- Seal of the United States Department of the Treasury
- Flag of an Under Secretary of the Treasury
- Incumbent Jonathan Greenstein (acting) Acting since April 28, 2026
- Department of the Treasury
- Style: The Honorable
- Reports to: Secretary of the Treasury Deputy Secretary of the Treasury
- Seat: Treasury Building Washington, D.C.
- Appointer: President of the United States with Senate advice and consent
- Term length: No fixed term
- First holder: David C. Mulford
- Website: Official website

= Under Secretary of the Treasury for International Affairs =

US Treasury official

The under secretary of the treasury for international affairs is a high-ranking position within the United States Department of the Treasury that reports to, advises, and assists the Secretary of the Treasury and the Deputy Secretary of the Treasury on international economic issues and is often referred to as the U.S. Treasury’s top economic diplomat.

The under secretary leads the development and implementation of policies in the areas of international finance, trade in financial services, investment, economic development, international debt. It also leads the development of policies on U.S. participation in the International Monetary Fund, the World Bank, and the other multilateral development banks (including the Inter-American Development Bank, the African Development Bank, the Asian Development Bank, and the European Bank for Reconstruction and Development).

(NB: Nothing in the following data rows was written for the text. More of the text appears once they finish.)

lemma zcomponent_exists:
  assumes X: "zclosed X" and x: "x \<in> X"
  obtains Y where "zcomponent X Y" "x \<in> Y"
proof -
  let ?A = "{Y. zirred Y \<and> x \<in> Y \<and> Y \<subseteq> X}"
  have "\<exists>M\<in>?A. \<forall>Z\<in>?A. M \<subseteq> Z \<longrightarrow> Z = M"
  proof (rule Zorn_Lemma2, intro ballI)
    fix C assume "C \<in> chains ?A"
    then have CA: "C \<subseteq> ?A" and "chain\<^sub>\<subseteq> C"
      unfolding chains_def by auto
    then have chain: "subset.chain UNIV C"
      unfolding subset.chain_def chain_subset_def by auto
    let ?U = "zclosure (insert x (\<Union>C))"
    have "zirreducible (insert x (\<Union>C))"
      using CA by (intro zirreducible_chain_Union[OF chain]) (auto simp: zirred_iff)
    then have "zirred ?U"
      by (simp add: zirred_iff zclosed_zclosure zirreducible_zclosure)
    moreover have "?U \<subseteq> X"
      using CA x by (intro zclosure_minimal[OF X]) auto
    moreover have "x \<in> ?U"
      using subset_zclosure[of "insert x (\<Union>C)"] by auto
    ultimately have "?U \<in> ?A" by simp
    moreover have "\<forall>Z\<in>C. Z \<subseteq> ?U"
      using subset_zclosure[of "insert x (\<Union>C)"] by auto
    ultimately show "\<exists>U\<in>?A. \<forall>Z\<in>C. Z \<subseteq> U" by blast
  qed
  then obtain M where M: "M \<in> ?A" "\<forall>Z\<in>?A. M \<subseteq> Z \<longrightarrow> Z = M" by auto
  have "zcomponent X M" unfolding zcomponent_def
  proof (intro conjI allI impI)
    show "zirred M" "M \<subseteq> X" using M by auto
    fix Z assume "zirred Z" "M \<subseteq> Z" "Z \<subseteq> X"
    then show "Z = M" using M by auto
  qed
  then show ?thesis
    using that M by auto
qed
lemma zirred_vanishing_product:
  assumes "zirred Y" "\<forall>y\<in>Y. peval g y * peval h y = 0" "\<not> (\<forall>y\<in>Y. peval g y = 0)"
  shows "\<forall>y\<in>Y. peval h y = 0"
proof -
  have "Y \<subseteq> {y. peval g y = 0} \<union> {y. peval h y = 0}"
    using assms(2) by auto
  then show ?thesis
    using assms(1,3) zclosed_vanishing_set unfolding zirred_iff zirreducible_def by blast
qed

definition nonzero_on_components :: "('n::finite \<Rightarrow> 'k::field) set \<Rightarrow> ('n, 'k) mpol \<Rightarrow> bool" where
  "nonzero_on_components X g \<longleftrightarrow> (\<forall>Y. zcomponent X Y \<longrightarrow> \<not> (\<forall>y\<in>Y. peval g y = 0))"
lemma integral_energy_atom_shift_le:
  fixes X F F' \<phi> :: "real \<Rightarrow> real"
  assumes q: "0 < q" "q < u" "u \<le> 1"
    and X: "continuous_on {0..u} X" "\<And>t. t \<in> {0..u} \<Longrightarrow> 0 \<le> X t"
    and F: "\<And>t. t \<in> {0..q} \<Longrightarrow> (F has_real_derivative F' t) (at t)"
      "\<And>t. t \<in> {0..q} \<Longrightarrow> (F' has_real_derivative X t) (at t)" "F 0 = 0" "F' 0 = 0"
    and \<phi>: "continuous_on {0..u} \<phi>" "\<And>t. t \<in> {0..q} \<Longrightarrow> \<phi> t = \<phi> 0" "\<And>t. t \<in> {0..u} \<Longrightarrow> c \<le> \<phi> t"
    and c: "0 < c" and s: "0 < s" "s \<le> c"
  shows "integral {0..u} (\<lambda>t. X t * (\<phi> t + s * atom_shift q u t) + 1 / (\<phi> t + s * atom_shift q u t))
    \<le> integral {0..u} (\<lambda>t. X t * \<phi> t + 1 / \<phi> t)
      + s * (F q - q * F' q / 2) + s\<^sup>2 / (2 * c ^ 3) + (u - q) * (s / c\<^sup>2)"
proof -
  define \<psi> where "\<psi> t = \<phi> t + s * atom_shift q u t" for t
  have \<psi>_ge: "c / 2 \<le> \<psi> t" if "t \<in> {0..u}" for t
    unfolding \<psi>_def using \<phi>(3)[OF that] that q s by (intro atom_shift_perturbation_ge) auto
  have cont: "continuous_on {a..b} \<phi>" "continuous_on {a..b} \<psi>" "continuous_on {a..b} X"
    if "{a..b} \<subseteq> {0..u}" for a b
    using continuous_on_subset[OF \<phi>(1) that] continuous_on_subset[OF X(1) that] q
    unfolding \<psi>_def[abs_def] atom_shift_def by (auto intro!: continuous_intros)
  have pos: "0 < \<phi> t \<and> 0 < \<psi> t" if "t \<in> {0..u}" for t
    using \<psi>_ge[OF that] \<phi>(3)[OF that] c by linarith
  have int: "(\<lambda>t. X t * \<phi> t + 1 / \<phi> t) integrable_on {0..u}"
    "(\<lambda>t. X t * \<psi> t + 1 / \<psi> t) integrable_on {0..u}"
    using cont[of 0 u] pos by (auto intro!: energy_integrable)
  have below: "integral {0..q} (\<lambda>t. X t * \<psi> t + 1 / \<psi> t)
      \<le> integral {0..q} (\<lambda>t. X t * \<phi> t + 1 / \<phi> t) + s * (F q - q * F' q / 2) + s\<^sup>2 * q / (2 * c ^ 3)"
  proof -
    have "X t * \<psi> t + 1 / \<psi> t = X t * (\<phi> 0 + s * (q / 2 - t)) + 1 / (\<phi> 0 + s * (q / 2 - t))"
      "X t * \<phi> t + 1 / \<phi> t = X t * \<phi> 0 + 1 / \<phi> 0" if "t \<in> {0..q}" for t
      using \<phi>(2)[OF that] atom_shift_below[of t q u] that q unfolding \<psi>_def by auto
    then have "integral {0..q} (\<lambda>t. X t * \<psi> t + 1 / \<psi> t)
        = integral {0..q} (\<lambda>t. X t * (\<phi> 0 + s * (q / 2 - t)) + 1 / (\<phi> 0 + s * (q / 2 - t)))"
      "integral {0..q} (\<lambda>t. X t * \<phi> t + 1 / \<phi> t) = integral {0..q} (\<lambda>t. X t * \<phi> 0 + 1 / \<phi> 0)"
      by (auto intro: integral_cong)
    moreover have "c \<le> \<phi> 0" using \<phi>(3)[of 0] q by simp
    ultimately show ?thesis
      using integral_energy_linear_perturbation_le[OF q(1) _ cont(3)[of 0 q] _ F c _ s] q X(2)
      by simp
  qed
  have between: "integral {q..u} (\<lambda>t. X t * \<psi> t + 1 / \<psi> t)
      \<le> integral {q..u} (\<lambda>t. X t * \<phi> t + 1 / \<phi> t) + (u - q) * (s / c\<^sup>2)"
  proof (rule integral_energy_le_of_close)
    fix t assume t: "t \<in> {q..u}"
    have h: "- q / 2 \<le> atom_shift q u t" "atom_shift q u t \<le> 0"
      using atom_shift_between[of q t u] t q by auto
    have "s * (- q / 2) \<le> s * atom_shift q u t" using h s by (intro mult_left_mono) auto
    moreover have "s * (q / 2) \<le> s / 2" using s q by (simp add: mult_left_le)
    moreover have "s * atom_shift q u t \<le> 0" using h s by (simp add: mult_nonneg_nonpos)
    ultimately show "c \<le> \<phi> t \<and> c / 2 \<le> \<psi> t \<and> \<psi> t \<le> \<phi> t \<and> \<phi> t - \<psi> t \<le> s / 2"
      using \<phi>(3) \<psi>_ge t q unfolding \<psi>_def by auto
  qed (use q X cont c in auto)
  have "s\<^sup>2 * q / (2 * c ^ 3) \<le> s\<^sup>2 / (2 * c ^ 3)"
    using q c by (simp add: divide_right_mono mult_left_le)
  moreover have "integral {0..u} f = integral {0..q} f + integral {q..u} f"
    if "f integrable_on {0..u}" for f :: "real \<Rightarrow> real"
    using Henstock_Kurzweil_Integration.integral_combine[of 0 q u f] that q by simp
  ultimately show ?thesis using int below between unfolding \<psi>_def[symmetric] by simp
qed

The under secretary also coordinates international economic policies with the G7 and G20.

==Overview==
The Office of International Affairs (IA), led by the under secretary of the treasury for international affairs, has oversight of the following:
- Office of International Economic Analysis
- Assistant Secretary of the Treasury for International Finance
  - Office of Asia
  - Office of Europe and Eurasia
  - Office of Western Hemisphere
  - Office of Middle East and North Africa
  - Office of International Monetary Policy
  - Office of International Financial Markets
- Assistant Secretary of the Treasury for International Trade and Development
  - Office of Trade and Investment Policy
  - Office of Investment, Energy, and Infrastructure
  - Office of International Development Finance and Policy
  - Office of Technical Assistance
- Assistant Secretary of the Treasury for Investment Security
  - Office of Investment Security
    - Committee on Foreign Investment in the United States (CFIUS)
- United States Executive Director of the African Development Bank
- United States Executive Director of the International Monetary Fund
- United States Executive Director of the World Bank
- United States Executive Director of the Asian Development Bank
- United States Executive Director of the Inter-American Development Bank
- United States Executive Director of the European Bank for Reconstruction and Development

The Office of International Affairs also oversees the operations of the Exchange Stabilization Fund and the U.S.–China Strategic and Economic Dialogue.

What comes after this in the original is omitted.